Yasmin Helal writes that the peace deal inked between Fatah and Hamas recently offers a glimmer  of hope to the violence prone Gaza Strip’s beleaguered people

This isn’t the first time that Hamas and Fatah have attempted to strike a deal since the dismissal of the unity government and the civil war. The two sides have announced at least six peace agreements over the past decade although none has been successful.

The failed process began back in 2006 when Hamas leaders taking part in parliamentary elections for the first time turned out to be more popular than their opponents in Fatah and won the majority of votes.

As international demands grew louder for Hamas to renounce violence and recognise past peace deals with Israel, violence broke out between the rival factions in the Gaza Strip.
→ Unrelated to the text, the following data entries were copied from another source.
(* Fix integers $z_1>z_2\ge0$ and $k\ge1$, and let $\mathcal{Q}_{z_1,z_2,k}$ be the set of $(z_1,z_2,k)$-asymmetric partitions. Then, as formal power series in $q$, \[\sum_{\lambda\in\mathcal{Q}_{z_1,z_2,k}}q^{|\lambda|}=\sum_{n\ge k}\frac{q^{z_2+z_1(n-1)+n+n(n-2)+k}}{(1-q^2)(1-q^4)\cdots(1-q^{2k-2})\,(1-q^{2k-1})(1-q^{2k+1})\cdots(1-q^{2n-1})}.\]
   Context: $|\lambda|$ is the size of $\lambda$. The Frobenius rank of $\mu$ is $r=\max\{j:\mu_j\ge j\}$, Frobenius coordinates $(\alpha\mid\beta)$, $\alpha_i=\mu_i-i$, $\beta_i=\mu'_i-i$. For $1\le k\le r$, $\mu$ is $(z_1,z_2,k)$-asymmetric if $\mu=(\alpha_1,\dots,\alpha_r\mid\alpha_1+z_1,\dots,\widehat{\alpha_k+z_1},\dots,\alpha_r+z_1,z_2)$ for some strict partition $\alpha$, the hat denoting omission. In the denominator, the factors are $(1-q^{2j})$ for $1\le j\le k-1$ and $(1-q^{2j-1})$ for $k\le j\le n$. *)

theory Defs
  imports Complex_Main "HOL-Computational_Algebra.Formal_Power_Series"
begin

text \<open>A partition is a weakly decreasing list of positive natural numbers
  (its nonzero parts).  Parts are 1-indexed: part mu i = mu_i, and mu_i = 0
  for i beyond the length.\<close>

definition is_partition :: "nat list \<Rightarrow> bool" where
  "is_partition mu \<longleftrightarrow> sorted_wrt (\<ge>) mu \<and> 0 \<notin> set mu"

definition part :: "nat list \<Rightarrow> nat \<Rightarrow> nat" where
  "part mu i = (if 1 \<le> i \<and> i \<le> length mu then mu ! (i - 1) else 0)"

definition psize :: "nat list \<Rightarrow> nat" where
  "psize mu = sum_list mu"

definition conj_part :: "nat list \<Rightarrow> nat \<Rightarrow> nat" where
  "conj_part mu i = card {j. 1 \<le> j \<and> j \<le> length mu \<and> part mu j \<ge> i}"

definition frob_rank :: "nat list \<Rightarrow> nat" where
  "frob_rank mu = Max (insert 0 {j. 1 \<le> j \<and> j \<le> length mu \<and> part mu j \<ge> j})"

definition frob_alpha :: "nat list \<Rightarrow> nat list" where
  "frob_alpha mu = map (\<lambda>i. part mu i - i) [1..<frob_rank mu + 1]"

definition frob_beta :: "nat list \<Rightarrow> nat list" where
  "frob_beta mu = map (\<lambda>i. conj_part mu i - i) [1..<frob_rank mu + 1]"

text \<open>mu is (z1,z2,k)-asymmetric: 1 \<le> k \<le> r and
  mu = (alpha_1,...,alpha_r | alpha_1+z1, ..., omit alpha_k+z1, ..., alpha_r+z1, z2).\<close>
definition asymmetric :: "nat \<Rightarrow> nat \<Rightarrow> nat \<Rightarrow> nat list \<Rightarrow> bool" where
  "asymmetric z1 z2 k mu \<longleftrightarrow>
     is_partition mu \<and> 1 \<le> k \<and> k \<le> frob_rank mu \<and>
     sorted_wrt (>) (frob_alpha mu) \<and>
     frob_beta mu =
       map (\<lambda>a. a + z1) (take (k - 1) (frob_alpha mu) @ drop k (frob_alpha mu)) @ [z2]"

definition asym_set :: "nat \<Rightarrow> nat \<Rightarrow> nat \<Rightarrow> nat list set" where
  "asym_set z1 z2 k = {mu. asymmetric z1 z2 k mu}"

definition asym_gf :: "nat \<Rightarrow> nat \<Rightarrow> nat \<Rightarrow> rat fps" where
  "asym_gf z1 z2 k = Abs_fps (\<lambda>m. of_nat (card {mu \<in> asym_set z1 z2 k. psize mu = m}))"

definition rhs_term :: "nat \<Rightarrow> nat \<Rightarrow> nat \<Rightarrow> nat \<Rightarrow> rat fps" where
  "rhs_term z1 z2 k n =
     fps_X ^ nat (int z2 + int z1 * (int n - 1) + int n + int n * (int n - 2) + int k) /
     ((\<Prod>j\<in>{1..<k}. 1 - fps_X ^ (2 * j)) * (\<Prod>j\<in>{k..n}. 1 - fps_X ^ (2 * j - 1)))"

end

theory Submission
  imports Defs
begin

text \<open>A partition is determined by its Frobenius coordinates \<open>(\<alpha> | \<beta>)\<close>, any two strictly
  decreasing sequences of the same length \<open>n\<close> occur, and \<open>|\<mu>| = n + \<Sigma>\<alpha> + \<Sigma>\<beta>\<close>.  For a
  \<open>(z\<^sub>1, z\<^sub>2, k)\<close>-asymmetric partition of rank \<open>n\<close>, \<open>\<beta>\<close> is determined by \<open>\<alpha>\<close>, so these
  partitions correspond to strictly decreasing \<open>\<alpha>\<close> of length \<open>n\<close>, with
  \<open>|\<mu>| = n + 2\<Sigma>\<alpha> - \<alpha>\<^sub>k + (n - 1) z\<^sub>1 + z\<^sub>2\<close>.  Writing
  \<open>\<alpha>\<^sub>i = (n - i) + d\<^sub>i + \<dots> + d\<^sub>n\<close> with \<open>d \<in> \<nat>\<^sup>n\<close> arbitrary makes this
  \<open>z\<^sub>2 + z\<^sub>1 (n - 1) + n (n - 1) + k + \<Sigma>\<^sub>j w\<^sub>j d\<^sub>j\<close> with \<open>w\<^sub>j = 2j\<close> for \<open>j < k\<close> and
  \<open>w\<^sub>j = 2j - 1\<close> otherwise, so the rank-\<open>n\<close> partitions contribute exactly the \<open>n\<close>-th summand.
  Summing over \<open>n \<ge> k\<close> converges coefficientwise because the rank never exceeds the size.\<close>

section \<open>Counting solutions of linear equations\<close>

definition weighted_sum :: "nat list \<Rightarrow> nat list \<Rightarrow> nat" where
  "weighted_sum w d = sum_list (map2 (*) w d)"

definition weighted_solutions :: "nat list \<Rightarrow> nat \<Rightarrow> nat list set" where
  "weighted_solutions w m = {d. length d = length w \<and> weighted_sum w d = m}"

lemma weighted_sum_Nil [simp]: "weighted_sum [] d = 0"
  by (simp add: weighted_sum_def)

lemma weighted_sum_Cons [simp]: "weighted_sum (x # w) (y # d) = x * y + weighted_sum w d"
  by (simp add: weighted_sum_def)

lemma weighted_sum_ge_entry:
  assumes "0 \<notin> set w" "length d = length w" "y \<in> set d"
  shows "y \<le> weighted_sum w d"
  using assms
proof (induction w arbitrary: d)
  case Nil
  then show ?case by simp
next
  case (Cons x w)
  then obtain y0 d0 where d: "d = y0 # d0" by (cases d) auto
  show ?case
  proof (cases "y = y0")
    case True
    have "y0 \<le> x * y0" using Cons.prems by simp
    then show ?thesis using True d by (simp add: trans_le_add1)
  next
    case False
    then have "y \<le> weighted_sum w d0" using Cons d by simp
    then show ?thesis using d by simp
  qed
qed

lemma finite_weighted_solutions:
  assumes "0 \<notin> set w"
  shows "finite (weighted_solutions w m)"
proof (rule finite_subset)
  show "weighted_solutions w m \<subseteq> {d. set d \<subseteq> {..m} \<and> length d = length w}"
    using weighted_sum_ge_entry[OF assms] by (fastforce simp: weighted_solutions_def)
  show "finite {d. set d \<subseteq> {..m} \<and> length d = length w}"
    by (rule finite_lists_length_eq) simp
qed

lemma card_weighted_solutions_Nil: "card (weighted_solutions [] m) = (if m = 0 then 1 else 0)"
proof -
  have "weighted_solutions [] m = (if m = 0 then {[]} else {})"
    by (auto simp: weighted_solutions_def)
  then show ?thesis by simp
qed

text \<open>Split off the solutions with first coordinate zero and decrement the first
  coordinate of the others: this is the recurrence behind multiplying by \<open>1 - q ^ x\<close>.\<close>

lemma weighted_solutions_Cons:
  "weighted_solutions (x # w) m =
     (\<lambda>d. 0 # d) ` weighted_solutions w m \<union>
     (if x \<le> m then (\<lambda>d. Suc (hd d) # tl d) ` weighted_solutions (x # w) (m - x) else {})"
  (is "?S = ?Z \<union> ?I")
proof (intro equalityI subsetI)
  fix d assume "d \<in> ?S"
  then obtain y d0 where d: "d = y # d0" "length d0 = length w" "x * y + weighted_sum w d0 = m"
    by (cases d) (auto simp: weighted_solutions_def)
  show "d \<in> ?Z \<union> ?I"
  proof (cases y)
    case 0
    then show ?thesis using d by (auto simp: weighted_solutions_def)
  next
    case (Suc y')
    have "x \<le> m" using d Suc by simp
    moreover have "y' # d0 \<in> weighted_solutions (x # w) (m - x)"
      using d Suc by (auto simp: weighted_solutions_def)
    ultimately show ?thesis using d Suc by (auto intro!: image_eqI[where x="y' # d0"])
  qed
next
  fix d assume "d \<in> ?Z \<union> ?I"
  then show "d \<in> ?S"
  proof
    assume "d \<in> ?Z"
    then show ?thesis by (auto simp: weighted_solutions_def)
  next
    assume d: "d \<in> ?I"
    then have xm: "x \<le> m" by (auto split: if_splits)
    with d obtain e where e: "e \<in> weighted_solutions (x # w) (m - x)" "d = Suc (hd e) # tl e"
      by auto
    then obtain y e0 where "e = y # e0" by (cases e) (auto simp: weighted_solutions_def)
    then show ?thesis using e xm by (auto simp: weighted_solutions_def)
  qed
qed

lemma card_weighted_solutions_Cons:
  assumes "0 \<notin> set (x # w)"
  shows "card (weighted_solutions (x # w) m) =
    card (weighted_solutions w m) + (if x \<le> m then card (weighted_solutions (x # w) (m - x)) else 0)"
proof -
  let ?S = weighted_solutions
  let ?zero = "\<lambda>d. 0 # d" and ?incr = "\<lambda>d. Suc (hd d) # tl d"
  have fin: "finite (?S w m)" "finite (?S (x # w) (m - x))"
    using assms finite_weighted_solutions by auto
  have inj_zero: "inj_on ?zero (?S w m)" by (auto intro: inj_onI)
  have inj_incr: "inj_on ?incr (?S (x # w) (m - x))"
  proof (rule inj_onI)
    fix d e assume "d \<in> ?S (x # w) (m - x)" "e \<in> ?S (x # w) (m - x)" "?incr d = ?incr e"
    then show "d = e" by (cases d; cases e) (auto simp: weighted_solutions_def)
  qed
  have "?zero ` ?S w m \<inter> ?incr ` ?S (x # w) (m - x) = {}"
    by auto
  then show ?thesis
    using weighted_solutions_Cons[of x w m] fin card_image[OF inj_zero] card_image[OF inj_incr]
    by (simp add: card_Un_disjoint)
qed

lemma weighted_solutions_gf:
  assumes "0 \<notin> set w"
  shows "Abs_fps (\<lambda>m. of_nat (card (weighted_solutions w m)) :: 'a :: comm_ring_1) *
           prod_list (map (\<lambda>x. 1 - fps_X ^ x) w) = 1"
  using assms
proof (induction w)
  case Nil
  show ?case by (intro fps_ext) (simp add: card_weighted_solutions_Nil)
next
  case (Cons x w)
  have "Abs_fps (\<lambda>m. of_nat (card (weighted_solutions (x # w) m)) :: 'a) * (1 - fps_X ^ x) =
        Abs_fps (\<lambda>m. of_nat (card (weighted_solutions w m)))"
    by (intro fps_ext) (simp add: card_weighted_solutions_Cons[OF Cons.prems] algebra_simps fps_X_power_mult_nth)
  then show ?case using Cons by (simp add: mult.assoc[symmetric])
qed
The unity government was soon dismissed and a state of emergency declared in mid-2007. Hamas however, overcame Palestinian Authority forces and took control of the strip.

Since these events unfolded, the recent shift in dynamics across the Arab world has brought hope for reconciliation, which made the latest agreement possible. Under the deal, the Palestinian Authority will lift the sanctions it imposed on Gaza and Hamas will soon handover full control of the strip.

If all goes according to plan, Palestinian President Mahmoud Abbas might even pay a visit to Gaza in the coming months. It is also possible that unresolved issues such as the Hamas militia and network of tunnels under Gaza – which are used for fighting and smuggling weapons – would be brought to the negotiation table.

Hamas will also hand over control of the Rafah Border Crossing, which will allow Egypt to ease prevailing cargo restrictions. The crossing is Gaza’s lifeline and has been used repeatedly by Egypt to pressure Hamas, causing dire humanitarian crises in and around the strip.

Since Hamas – which is a Palestinian political faction that is deemed a terrorist group by the West – began ruling the Gaza Strip, the landlocked area has suffered from sanctions by neighbouring Egypt and Israel. Even the Palestinian Authority has restricted the supply of electricity to Gaza and stopped paying government salaries.

Some believe that had the agreement been delayed any longer, residents of Gaza – who were said to be living in an ‘open-air prison’ – were on the verge of rising up against Hamas. This pressure could have been what prompted Hamas to be more responsive.

Hamas leaders in Gaza tried to reach out to anyone who could help. In an effort to meet its opponents halfway, Hamas attempted to distance itself from the Muslim Brotherhood in Egypt in order to win the support of Egyptian President Abdel Fattah el-Sisi. After being haunted by the failure to unite Palestinians, 82-year-old Abbas welcomed the deal in the hope that he could end his presidential term on a positive note.

Bringing the leaders of Hamas and Fatah together to shake hands in agreement was not an easy task. Politician
and former Fatah leader Mohammed Dahlan told the media that he could find common ground with Yehiyeh Sinwar, the new head of Hamas in Gaza, both having spent their childhood in the Khan Younis refugee camp.

However, few have forgotten that back in 2007, Hamas seized power of the Gaza Strip by brutally killing many of Dahlan’s men. Previously, Hamas leaked documents in the 1990s and 2000s of torture and crimes committed by Dahlan and his men. For his part, Dahlan showed Hamas members no mercy when they were dragged into the interrogation rooms.

Surely, no one forgot those terrible events as representatives from Hamas and Fatah kissed and embraced over the agreement in Cairo in October.

But Hamas did warm upto Dahlan whether due to mounting internal pressure or in response to Sinwar’s nostalgic sentiments towards him. After all, Sinwar is a far cry from his predecessor Khaled Mashal who ruled Hamas from the comfort of his home in Qatar.

This change in leadership of Hamas led Dahlan – a close ally of the Egyptians and the Emiratis – to change his stance on Hamas.

But winning his approval wasn’t a walk in the park for the Gaza based faction. Hamas has been making an effort to rebuild relations with the new political centres of the region. The group recently severed ties with militants who caused turbulence in the province of Sinai, which separates Gaza from Egypt and the rest of Africa. The Sinai Peninsula, which is part of Egypt, is located in Asia.

Coincidentally or not, on the eve of signing the agreement, Hamas’ security forces arrested a prominent Salafi leader in Gaza – Salafi is the movement that el-Sisi has sworn to wipe out.

The fact that Hamas signed the agreement with Fatah under the auspices of el-Sisi, who is an ally of Israel, shows just how far the faction is willing to go these days.

And let’s not overlook the endorsement by Saudi Arabia and the UAE, where Dahlan has resided in recent years. The two countries have been keen to replace their rival Qatar as major donors of humanitarian aid and infrastructure improvements in Gaza.

With the growing influence of Iran and Turkey in the region, it wasn’t difficult for Israel to prioritise Egypt, the UAE and Saudi Arabia. Putting Hamas in talks with these states will make it more reliant on Sunni rather than Shiite power centres.

Soon after the deal was announced, in a show of good faith, Dahlan began pumping cash back into Gaza and facilitating the entry of fuel shipments to the strip’s only power plant.